Seasonal Flavors: Chestnuts


A beautiful Chinese chestnut tree hangs over our deck. I’ll admit to having a love/hate relationship with this tree, which was planted by friends about thirty years ago.

The tree produces long string-like flowers in the spring that provide a beautiful fragrance during the evening Happy Hour. But once there is a heavy rain, down come all those flowers, creating a big, slimy mess to clean up.

Next, it leafs out, creating wonderful shade, yet with branches high enough above the table to produce a canopy for dining.  That’s usually great, except for last year when the tree was infested with some kind of something that chewed the leaves to lace. These we spent the entire summer sweeping up.

Then in September, the chestnut hulls ripen and brown into spiky, dangerous wonders of nature. They fall in profusion. You can’t pick them up without kitchen tongs. If you step on one, it’s beyond horribly painful. Every year, despite repeated warnings, someone does.

During the first chestnut drop, the hulls split and we can retrieve very nice, ripe chestnuts.  After that, for several weeks, the deck and yard are littered with what I call ‘the duds’.  These hulls have no nuts, yet fall in abundance. We sweep. Then we sweep again. Once we were relaxing at the table and a huge hull fell, kerplunck, straight into my brother’s wine glass.

And then of course, the leaves turn yellow and fall from the tree. We sweep some more.

I usually roast these first chestnuts and we enjoy peeling and eating them. Apparently there are some nice, French desserts that can be made with chestnut ‘mousse,’ but I’ve never found a recipe that I like. I roasted, hulled, saved them in the freezer and added them to the Thanksgiving stuffing one year. I don’t think it was worth the effort; I couldn’t taste them.

Then last year we travelled to Biaritz, France, to visit some friends. There, in September, it was also chestnut season. We spent a morning shelling the roasted nuts while I tried to follow the French conversation (mostly without success).

Our friend prepared sautéed duck breast for the Sunday lunch, and after frying the duck, took the shelled, already roasted chestnuts and sautéed them in the duck fat. Well now, at last, here is the way to eat these tasty morsels!

Last month, in this column, I described the joys of roasting a duck. One of the by-products is the luscious fat released by that roasted duck. Use the leftover duck fat for frying some chestnuts. If you don’t have your own tree, you will likely be able to find chestnuts soon in the local markets and groceries. I highly recommend that you try this:

Chestnuts in Duck Fat

  • 1 lb chestnuts
  • ½ cup duck fat

Score the chestnuts with a knife by cutting an ‘X’ in the shell, to prevent the nuts from exploding during the roasting process.  Place the nuts on a shallow baking sheet and roast for 20 minutes at 400°F.

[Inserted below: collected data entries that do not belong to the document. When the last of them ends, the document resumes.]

lemma polar_point_hyperplane:
  assumes P: "P \<in> qsubs {0} K 0"
  shows "polar P \<in> qsubs {0} UNIV (pspace_dim TYPE('f ^ 'm) - 1)" and "K \<subseteq> polar P"
proof -
  have "vec.subspace P" "vec.dim P = 1" "P \<subseteq> K"
    using P by (simp_all add: qsubs_zero_iff)
  then obtain p where p: "p \<noteq> 0" "P = vec.span {p}"
    using dim_eq_1_imp_span_singleton by metis
  with \<open>P \<subseteq> K\<close> have "p \<in> K"
    using vec.span_base by blast
  then obtain u where "\<beta> p u \<noteq> 0"
    using nondegenerate p(1) by blast
  then have "vec.dim (polar P) = CARD('m) - 1"
    unfolding p(2) polar_span_singleton by (rule dim_kernel_functional[OF linear_right])
  then show "polar P \<in> qsubs {0} UNIV (pspace_dim TYPE('f ^ 'm) - 1)"
    using subspace_polar by (simp add: qsubs_zero_iff pspace_dim_def)
  show "K \<subseteq> polar P"
    unfolding p(2) polar_span_singleton using isotropic \<open>p \<in> K\<close> by blast
qed

lemma subspace_obtains_isotropic_pair:
  assumes E: "vec.subspace E" "3 \<le> vec.dim E"
    and meets: "\<not> E \<inter> K \<subseteq> {0}" and not_in: "\<not> E \<subseteq> K"
  obtains r v where "r \<in> E \<inter> K" "r \<noteq> 0" "v \<in> E" "v \<notin> K" "\<beta> r v = 0"
proof -
  let ?I = "E \<inter> K"
  have I: "vec.subspace ?I"
    using E(1) subspace_K by (rule vec.subspace_inter)
  have "vec.dim ?I \<noteq> 0"
    using meets by simp
  then consider "vec.dim ?I = 1" | "2 \<le> vec.dim ?I"
    by linarith
  then show ?thesis
  proof cases
    case 1
    with I obtain p where p: "p \<noteq> 0" "?I = vec.span {p}"
      by (rule dim_eq_1_imp_span_singleton)
    then have "p \<in> ?I"
      using vec.span_base by blast
    let ?G = "E \<inter> {x. \<beta> p x = 0}"
    have "3 \<le> vec.dim ?G + 1"
      using dim_le_dim_Int_kernel_Suc[OF linear_right[of p] E(1)] E(2) by linarith
    then have "\<not> ?G \<subseteq> ?I"
      using vec.dim_subset[of ?G ?I] 1 by linarith
    then obtain v where "v \<in> E" "v \<notin> K" "\<beta> p v = 0"
      by blast
    with \<open>p \<in> ?I\<close> p(1) show ?thesis
      by (rule that)
  next
    case 2
    from not_in obtain v where v: "v \<in> E" "v \<notin> K"
      by blast
    have "2 \<le> vec.dim (?I \<inter> {r. \<beta> r v = 0}) + 1"
      using dim_le_dim_Int_kernel_Suc[OF linear_left[of v] I] 2 by linarith
    then have "vec.dim (?I \<inter> {r. \<beta> r v = 0}) \<noteq> 0"
      by linarith
    then have "\<not> ?I \<inter> {r. \<beta> r v = 0} \<subseteq> {0}"
      by simp
    then obtain r where "r \<in> ?I" "r \<noteq> 0" "\<beta> r v = 0"
      by blast
    with v show ?thesis
      by (intro that) auto
  qed
qed

end

text \<open>In the paper's notation, \<open>lifted_lines K BXK\<close> is the first family of the union and
  \<open>lines_through_not_in K H P\<close> is the set \<open>B_{X/P}\<close> minus the lines of K through P.\<close>

definition lifted_lines :: "('f::field ^ 'm) set \<Rightarrow> ('f ^ 'm) set set \<Rightarrow> ('f ^ 'm) set set" where
  "lifted_lines K BXK = {T \<in> qsubs {0} UNIV 1. vec.span (K \<union> T) \<in> BXK}"

definition lines_through_not_in :: "('f::field ^ 'm) set \<Rightarrow> (('f ^ 'm) set \<Rightarrow> ('f ^ 'm) set)
    \<Rightarrow> ('f ^ 'm) set \<Rightarrow> ('f ^ 'm) set set" where
  "lines_through_not_in K H P =
     {L \<in> qsubs {0} UNIV 1. P \<subseteq> L \<and> L \<subseteq> H P} - {L \<in> qsubs {0} K 1. P \<subseteq> L}"

lemma lifted_line_in_skew_plane:
  fixes K E :: "('f::field ^ 'm) set"
  assumes K: "vec.subspace K" and BXK: "blocking_set K UNIV 2 1 BXK"
    and E: "E \<in> qsubs {0} UNIV 2" and skew: "E \<inter> K \<subseteq> {0}"
  obtains T where "T \<in> lifted_lines K BXK" "T \<subseteq> E"
proof -
  have E_sub: "vec.subspace E" and dim_E: "vec.dim E = 3"
    using E by (simp_all add: qsubs_zero_iff)
  let ?J = "vec.span (K \<union> E)"
  have "vec.dim (K \<inter> E) = 0"
    using skew by (simp add: Int_commute)
  then have "vec.dim ?J = vec.dim K + 3"
    using dim_span_Un_add_dim_Int[OF K E_sub] dim_E by linarith
  moreover have "K \<subseteq> ?J" and "E \<subseteq> ?J"
    using vec.span_superset by blast+
  ultimately have "?J \<in> qsubs K UNIV 2"
    by (simp add: qsubs_iff vec.subspace_span)
  then obtain S where S: "S \<in> BXK" "S \<subseteq> ?J"
    using BXK unfolding blocking_set_def by blast
  then have "S \<in> qsubs K UNIV 1"
    using BXK unfolding blocking_set_def by blast
  then have S_sub: "vec.subspace S" and "K \<subseteq> S" and dim_S: "vec.dim S = vec.dim K + 2"
    by (simp_all add: qsubs_iff)
  let ?T = "S \<inter> E"
  have T_sub: "vec.subspace ?T"
    using S_sub E_sub by (rule vec.subspace_inter)
  have "vec.span (S \<union> E) \<subseteq> ?J"
    using S(2) \<open>E \<subseteq> ?J\<close> by (simp add: vec.span_minimal vec.subspace_span)
  then have "vec.dim (vec.span (S \<union> E)) \<le> vec.dim K + 3"
    using vec.dim_subset \<open>vec.dim ?J = vec.dim K + 3\<close> by metis
  then have "2 \<le> vec.dim ?T"
    using dim_span_Un_add_dim_Int[OF S_sub E_sub] dim_S dim_E by simp
  have "vec.dim (K \<inter> ?T) = 0"
    using skew by auto
  then have dim_KT: "vec.dim (vec.span (K \<union> ?T)) = vec.dim K + vec.dim ?T"
    using dim_span_Un_add_dim_Int[OF K T_sub] by linarith
  have KT_S: "vec.span (K \<union> ?T) \<subseteq> S"
    using \<open>K \<subseteq> S\<close> S_sub by (simp add: vec.span_minimal)
  then have "vec.dim ?T \<le> 2"
    using vec.dim_subset[OF KT_S] dim_KT dim_S by simp
  with \<open>2 \<le> vec.dim ?T\<close> have "vec.dim ?T = 2"
    by simp
  then have "vec.span (K \<union> ?T) = S"
    using vec.subspace_dim_equal[OF vec.subspace_span S_sub KT_S] dim_KT dim_S by simp
  with \<open>vec.dim ?T = 2\<close> have "?T \<in> lifted_lines K BXK"
    unfolding lifted_lines_def using T_sub S(1) by (simp add: qsubs_zero_iff)
  then show ?thesis
    using that by blast
qed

Remove from the oven, cool and remove the nuts from the shell and de-skin.

Melt the duck fat in a fry pan and heat till a drop of water dropped into the pan sizzles. Add the chestnuts. The duck fat will foam around the chestnuts. Fry for 5-7 minutes till golden browned. Remove to a serving dish, sprinkle with flaked salt and serve warm as a side dish.  Very autumnal!